1. Con ordinanza in data 22.6.2012 il Tribunale di Lecce, costituito ex art. 310 cod. proc. pen., ha rigettato l’appello proposto da A.P. avverso il provvedimento con il quale il Gip della stessa sede il 31.5.2012 aveva disatteso l’istanza di scarcerazione per decorrenza dei termini di fase della misura cautelare allo stesso applicata, ai sensi dell’art. 297 comma 3 cod. proc. pen..
In specie, si ha riguardo alla misura cautelare degli arresti domiciliari applicata con ordinanza emessa il 24.4.2012 (eseguita il 14.5.2012) al P. per più delitti di cui all’art. 73 d.P.R. n. 309 del 1990, commessi tra il (omissis).
Ad avviso dell’istante, detta misura custodiale doveva essere dichiarata inefficace, ai sensi degli artt. 297 comma 3 e 303 cod. proc. pen., ricorrendo i presupposti della c.d. contestazione a catena, essendo stato tratto in arresto in flagranza del reato di cui all’art. 73 d.P.R. n. 309 del 1990 (per avere detenuto a fini di spaccio gr. 7 di eroina), fatto per il quale era rimasto detenuto ininterrottamente dal momento dell’arresto, del (omissis), al 19.6.2010, data della irrevocabilità della sentenza di patteggiamento, e successivamente in espiazione di pena.
Il tribunale riteneva infondata la prospettazione difensiva – secondo la quale i due provvedimenti restrittivi sono stati emessi nello stesso procedimento, essendo l’arresto in flagranza del (omissis) conseguenza delle attività investigative già in corso e successivamente poste a fondamento del secondo titolo cautelare – rilevando che si tratta di episodi diversi ed oggetto di procedimenti diversi. Condividendo, poi, quanto affermato nel provvedimento impugnato, il tribunale ribadiva che, pur sussistendo i presupposti della anteriorità cronologica dei fatti contestati con la seconda ordinanza cautelare rispetto al momento in cui era stato emesso il primo titolo restrittivo, nonché, della connessione qualificata tra i fatti oggetto dei due distinti titoli cautelari, tuttavia, non poteva ravvisarsi il requisito della “desumibilità” dei fatti contestati con la seconda ordinanza dagli atti del procedimento posti a fondamento della prima misura cautelare.
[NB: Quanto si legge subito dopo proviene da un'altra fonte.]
record retas_model =
  mu    :: "real \<Rightarrow> real"              (* hazard of main-shock waiting times *)
  nu    :: "real \<times> real \<Rightarrow> real"     (* main-shock location density on S *)
  gg    :: "real \<Rightarrow> real"              (* temporal response density on [0,oo) *)
  ff    :: "real \<times> real \<Rightarrow> real"     (* spatial response density on R^2 *)
  kap   :: "real \<Rightarrow> real"              (* productivity kappa(m) *)
  JJ    :: "real \<Rightarrow> real"              (* magnitude density J *)

text \<open>Observed data: events i = 1..nn with times tt i, locations ss i, magnitudes mm i,
  observation window [0, TT].  The convention tau_0 = 0 is imposed as a hypothesis.\<close>
record retas_data =
  tt :: "nat \<Rightarrow> real"
  ss :: "nat \<Rightarrow> real \<times> real"
  mm :: "nat \<Rightarrow> real"
  nn :: nat
  TT :: real

definition phi :: "retas_model \<Rightarrow> retas_data \<Rightarrow> real \<Rightarrow> real \<times> real \<Rightarrow> real" where
  "phi P D t p = (\<Sum>i | i \<in> {1..nn D} \<and> tt D i < t.
      kap P (mm D i) * gg P (t - tt D i) * ff P (p - ss D i))"

text \<open>Index I(t) of the most recent main-shock before t, for a set A of main-shock indices
  (0 if there is none).\<close>
definition mainIdx :: "retas_data \<Rightarrow> nat set \<Rightarrow> real \<Rightarrow> nat" where
  "mainIdx D A t = Max (insert 0 {i \<in> A. tt D i < t})"

text \<open>Admissible main-shock index sets for the first k events (event 1 is a main-shock).\<close>
definition labels :: "nat \<Rightarrow> nat set set" where
  "labels k = {A. A \<subseteq> {1..k} \<and> 1 \<in> A}"

text \<open>Ground intensity of event l under the complete (labelled) data.\<close>
definition fac :: "retas_model \<Rightarrow> retas_data \<Rightarrow> nat set \<Rightarrow> nat \<Rightarrow> real" where
  "fac P D A l = (if l \<in> A
      then mu P (tt D l - tt D (mainIdx D A (tt D l))) * nu P (ss D l)
      else phi P D (tt D l) (ss D l))"

definition Phi :: "retas_model \<Rightarrow> retas_data \<Rightarrow> (real \<times> real) set \<Rightarrow> real \<Rightarrow> nat \<Rightarrow> real" where
  "Phi P D Sp u k = (\<Sum>j = 1..k. kap P (mm D j) * integral {tt D j..u} (\<lambda>t. gg P (t - tt D j))
        * integral Sp (\<lambda>p. ff P (p - ss D j)))"

definition Lam0 :: "retas_model \<Rightarrow> retas_data \<Rightarrow> (real \<times> real) set \<Rightarrow> nat set \<Rightarrow> real \<Rightarrow> real" where
  "Lam0 P D Sp A u = integral {0..u} (\<lambda>t. mu P (t - tt D (mainIdx D A t))) * integral Sp (nu P)"

definition Lcomp :: "retas_model \<Rightarrow> retas_data \<Rightarrow> (real \<times> real) set \<Rightarrow> nat \<Rightarrow> real \<Rightarrow> nat set \<Rightarrow> real" where
  "Lcomp P D Sp k u A = (\<Prod>l = 1..k. fac P D A l * JJ P (mm D l))
      * exp (- (Lam0 P D Sp A u + Phi P D Sp u k))"

text \<open>Likelihood of the observed data on [0,T]: complete-data likelihood marginalised over
  the unobserved main-shock/aftershock labels; log-likelihood ell(theta).\<close>
definition obsLik :: "retas_model \<Rightarrow> retas_data \<Rightarrow> (real \<times> real) set \<Rightarrow> real" where
  "obsLik P D Sp = (\<Sum>A \<in> labels (nn D). Lcomp P D Sp (nn D) (TT D) A)"

definition loglik :: "retas_model \<Rightarrow> retas_data \<Rightarrow> (real \<times> real) set \<Rightarrow> real" where
  "loglik P D Sp = ln (obsLik P D Sp)"

text \<open>p_{ij} = P(I(tau_i) = j | history of events 1..i-1), for 2 <= i <= n+1: the posterior of
  the labels of events 1..i-1 given the data up to tau_{i-1}.  Given main-shock set A of
  events 1..i-1, I(tau_i) = Max A.\<close>
definition pp :: "retas_model \<Rightarrow> retas_data \<Rightarrow> (real \<times> real) set \<Rightarrow> nat \<Rightarrow> nat \<Rightarrow> real" where
  "pp P D Sp i j =
     (\<Sum>A | A \<in> labels (i - 1) \<and> Max A = j. Lcomp P D Sp (i - 1) (tt D (i - 1)) A)
     / (\<Sum>A \<in> labels (i - 1). Lcomp P D Sp (i - 1) (tt D (i - 1)) A)"

definition d1 :: "retas_model \<Rightarrow> retas_data \<Rightarrow> real" where
  "d1 P D = mu P (tt D 1) * nu P (ss D 1) * exp (- integral {0..tt D 1} (mu P))"

definition Ssurv :: "retas_model \<Rightarrow> retas_data \<Rightarrow> nat \<Rightarrow> nat \<Rightarrow> real" where
  "Ssurv P D i j = exp (- integral {tt D (i - 1)..tt D i} (\<lambda>t. mu P (t - tt D j)))"

definition dd :: "retas_model \<Rightarrow> retas_data \<Rightarrow> nat \<Rightarrow> nat \<Rightarrow> real" where
  "dd P D i j = (mu P (tt D i - tt D j) * nu P (ss D i) + phi P D (tt D i) (ss D i)) * Ssurv P D i j"

definition Send :: "retas_model \<Rightarrow> retas_data \<Rightarrow> nat \<Rightarrow> real" where
  "Send P D j = exp (- integral {tt D (nn D)..TT D} (\<lambda>t. mu P (t - tt D j)))"

end

theory Submission
  imports Defs
begin

(* Summing the complete-data likelihood over the unobserved labels, the factors J(m_l) and
   exp(-Phi) do not depend on the labels.  The remaining factor of a labelling of events 1..k,
   evaluated at tau_k, changes in a simple way when event k+1 is added: it is multiplied by
   S_{k+1,j}, where j is the latest main-shock, and by phi(tau_{k+1}, s_{k+1}) or by
   mu(tau_{k+1} - tau_j) nu(s_{k+1}) according as event k+1 is an aftershock or a main-shock.
   Grouping labellings by their latest main-shock j gives forward quantities alpha_k(j) with
   p_{k+1,j} = alpha_k(j) / sum_j alpha_k(j).  The recursion for alpha is the recursion for p,
   and the normalising constants telescope into the product of the one-step predictive
   likelihoods sum_j p_{ij} d_{ij}, exactly as in the forward algorithm for hidden Markov models. *)

lemma integrable_on_shift:
  fixes f :: "real \<Rightarrow> 'a::banach"
  assumes "\<And>b. f integrable_on {0..b}" "c \<le> a"
  shows "(\<lambda>x. f (x - c)) integrable_on {a..b}"
proof -
  have "f integrable_on {a - c..b - c}"
    using integrable_on_subinterval[OF assms(1)[of "b - c"]] assms(2)
    by (cases "a \<le> b") auto
  then obtain i where "(f has_integral i) (cbox (a - c) (b - c))" by auto
  from has_integral_affinity'[OF this, of 1 "- c"]
  have "((\<lambda>x. f (x - c)) has_integral i) (cbox a b)" by simp
  then show ?thesis by auto
qed

lemma ln_telescope:
  fixes Y :: "nat \<Rightarrow> real"
  assumes "1 \<le> n" "\<And>i. 1 \<le> i \<Longrightarrow> i \<le> n \<Longrightarrow> 0 < Y i"
  shows "ln (Y n) = ln (Y 1) + (\<Sum>i = 2..n. ln (Y i / Y (i - 1)))"
proof -
  have "(\<Sum>i = 2..n. ln (Y i / Y (i - 1))) = (\<Sum>i = 2..n. ln (Y i) - ln (Y (i - 1)))"
  proof (intro sum.cong refl)
    fix i assume "i \<in> {2..n}"
    then have "0 < Y i" "0 < Y (i - 1)" using assms(2) by auto
    then show "ln (Y i / Y (i - 1)) = ln (Y i) - ln (Y (i - 1))" by (rule ln_divide_pos)
  qed
  also have "\<dots> = (\<Sum>i = 1..n - 1. ln (Y (Suc i)) - ln (Y i))"
    using assms(1) sum.shift_bounds_cl_Suc_ivl[of "\<lambda>i. ln (Y i) - ln (Y (i - 1))" 1 "n - 1"]
    by (simp add: numeral_2_eq_2)
  also have "\<dots> = ln (Y n) - ln (Y 1)"
    using assms(1) by (subst sum_Suc_diff) auto
  finally show ?thesis by simp
qed

section \<open>Labellings\<close>

lemma labels_finite: "finite (labels k)"
  unfolding labels_def by (rule finite_subset[of _ "Pow {1..k}"]) auto

lemma labelsD:
  assumes "A \<in> labels k"
  shows "finite A" "Max A \<in> A" "1 \<le> Max A" "Max A \<le> k" "A \<subseteq> {1..k}"
proof -
  have A: "A \<subseteq> {1..k}" "1 \<in> A" using assms unfolding labels_def by auto
  show fin: "finite A" using A finite_subset by blast
  show "Max A \<in> A" using fin A by (intro Max_in) auto
  then show "1 \<le> Max A" "Max A \<le> k" using A by auto
  show "A \<subseteq> {1..k}" using A by auto
qed

lemma labels_1: "labels 1 = {{1}}"
  unfolding labels_def by auto

lemma labels_Suc:
  assumes "1 \<le> m"
  shows "labels (Suc m) = labels m \<union> insert (Suc m) ` labels m"
proof
  show "labels (Suc m) \<subseteq> labels m \<union> insert (Suc m) ` labels m"
  proof
    fix A assume A: "A \<in> labels (Suc m)"
    show "A \<in> labels m \<union> insert (Suc m) ` labels m"
    proof (cases "Suc m \<in> A")
      case True
      then have "A = insert (Suc m) (A - {Suc m})" by auto
      moreover have "A - {Suc m} \<in> labels m" using A assms unfolding labels_def by auto
      ultimately show ?thesis by blast
    next
      case False
      then have "A \<in> labels m" using A unfolding labels_def by (auto simp: le_Suc_eq)
      then show ?thesis by blast
    qed
  qed
qed (use assms in \<open>auto simp: labels_def\<close>)

lemma sum_labels_Suc:
  assumes "1 \<le> m"
  shows "(\<Sum>A\<in>labels (Suc m). F A) = (\<Sum>A\<in>labels m. F A + F (insert (Suc m) A))"
proof -
  have disj: "labels m \<inter> insert (Suc m) ` labels m = {}"
    unfolding labels_def by auto
  have inj: "inj_on (insert (Suc m)) (labels m)"
  proof (rule inj_onI)
    fix A B assume "A \<in> labels m" "B \<in> labels m" "insert (Suc m) A = insert (Suc m) B"
    moreover have "Suc m \<notin> A" "Suc m \<notin> B" using calculation unfolding labels_def by auto
    ultimately show "A = B" by (metis Diff_insert_absorb)
  qed
  have "(\<Sum>A\<in>labels (Suc m). F A) = (\<Sum>A\<in>labels m. F A) + (\<Sum>A\<in>insert (Suc m) ` labels m. F A)"
    unfolding labels_Suc[OF assms] using disj labels_finite by (intro sum.union_disjoint) auto
  also have "(\<Sum>A\<in>insert (Suc m) ` labels m. F A) = (\<Sum>A\<in>labels m. F (insert (Suc m) A))"
    using inj by (simp add: sum.reindex)
  finally show ?thesis by (simp add: sum.distrib)
qed

lemma labels_Int_lessThan_Suc:
  assumes "A \<in> labels (Suc m)" "1 \<le> m"
  shows "A \<inter> {..<Suc m} \<in> labels m"
  using assms unfolding labels_def by auto

lemma labels_Max_Suc:
  assumes "j \<le> m"
  shows "{A \<in> labels (Suc m). Max A = j} = {A \<in> labels m. Max A = j}"
proof (intro equalityI subsetI)
  fix A assume "A \<in> {A \<in> labels (Suc m). Max A = j}"
  then have L: "A \<in> labels (Suc m)" and M: "Max A = j" by auto
  have "x \<le> m" if "x \<in> A" for x
    using Max_ge[OF labelsD(1)[OF L] that] M assms by simp
  then show "A \<in> {A \<in> labels m. Max A = j}" using L M unfolding labels_def by auto
qed (auto simp: labels_def)

lemma sum_labels_by_Max:
  fixes F :: "nat set \<Rightarrow> 'a::comm_semiring_1"
  shows "(\<Sum>A\<in>labels m. F A * G (Max A)) = (\<Sum>j = 1..m. G j * (\<Sum>A | A \<in> labels m \<and> Max A = j. F A))"
proof -
  have "(\<Sum>A\<in>labels m. F A * G (Max A)) = (\<Sum>j = 1..m. \<Sum>A | A \<in> labels m \<and> Max A = j. F A * G (Max A))"
    by (rule sum.group[symmetric]) (use labels_finite labelsD(3,4) in auto)
  also have "\<dots> = (\<Sum>j = 1..m. G j * (\<Sum>A | A \<in> labels m \<and> Max A = j. F A))"
    by (intro sum.cong refl) (simp add: sum_distrib_left mult.commute)
  finally show ?thesis .
qed

section \<open>The label-dependent factor of the complete-data likelihood\<close>

locale retas_sample =
  fixes P :: retas_model and D :: retas_data and Sp :: "(real \<times> real) set"
  assumes n_pos: "1 \<le> nn D"
    and tau0: "tt D 0 = 0"
    and tau1_pos: "0 < tt D 1"
    and tau_mono: "\<And>i. 1 \<le> i \<Longrightarrow> i < nn D \<Longrightarrow> tt D i < tt D (Suc i)"
    and s_in: "\<And>i. 1 \<le> i \<Longrightarrow> i \<le> nn D \<Longrightarrow> ss D i \<in> Sp"
    and mu_nonneg: "\<And>t. 0 \<le> t \<Longrightarrow> 0 \<le> mu P t"
    and mu_locint: "\<And>b. mu P integrable_on {0..b}"
    and nu_nonneg: "\<And>p. p \<in> Sp \<Longrightarrow> 0 \<le> nu P p"
    and nu_dens: "(nu P has_integral 1) Sp"
    and g_nonneg: "\<And>t. 0 \<le> t \<Longrightarrow> 0 \<le> gg P t"
    and f_nonneg: "\<And>p. 0 \<le> ff P p"
    and kappa_nonneg: "\<And>x. 0 \<le> kap P x"
begin

lemma tt_less: "a < b \<Longrightarrow> b \<le> nn D \<Longrightarrow> tt D a < tt D b"
proof (induction b)
  case (Suc b)
  have "tt D b < tt D (Suc b)"
    using tau0 tau1_pos tau_mono[of b] Suc.prems by (cases "b = 0") auto
  then show ?case using Suc by (cases "a = b") auto
qed simp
Il giudice dell’appello riteneva non condivisibile l’impostazione difensiva secondo la quale la desumibilità dagli atti poteva affermarsi alla luce del contenuto della seconda ordinanza, emessa il 24.4.2012, nella quale si fa espresso riferimento al delitto di detenzione illecita di eroina commesso dal P. il (omissis), atteso che tale verifica non può che essere effettuata con riferimento al bagaglio di conoscenze, tratto ovviamente dagli atti a disposizione, che il pubblico ministero prima ed il gip poi avevano a disposizione al momento in cui era stato disposto il giudizio immediato nei confronti del P. per il reato commesso (omissis). Rilevava, quindi, che non poteva ritenersi sufficiente al fine di dimostrare la desumibilità il mero richiamo operato nella seconda ordinanza all’episodio delittuoso accertato il (omissis), né la circostanza dedotta dalla difesa che le intercettazioni effettuate in relazione agli episodi delittuosi di cui alla seconda ordinanza erano, evidentemente, precedenti al fatto oggetto della prima ordinanza custodiale. Infatti, non risulta affatto dimostrato dall’istante – che ha l’onere di allegare le ragioni a sostegno della richiesta – se, quando e in che forma il pubblico ministero ne sia venuto a conoscenza nell’ambito del procedimento relativo all’arresto del (omissis) e concluso con la sentenza di patteggiamento relativa a quel singolo fatto emessa in data (…). Del resto, il pubblico ministero ha affermato che i risultati dell’attività di intercettazione relativa ai fatti oggetto della seconda ordinanza cautelare (fatto del febbraio-marzo 2010) sono stati comunicati in data successiva al giugno 2010. Tale assunto non è stato confutato dalla difesa, se non sulla base di petizioni di principio; né appare sconfessato dall’esame della documentazione agli atti dalla quale non risulta che all’autorità giudiziaria siano stati consegnati da parte della polizia giudiziaria, prima del rinvio a giudizio del P. in relazione al procedimento per il fatto accertato il (omissis), i testi integrali delle intercettazioni effettuate tra il 12 febbraio ed il 6 marzo 2010.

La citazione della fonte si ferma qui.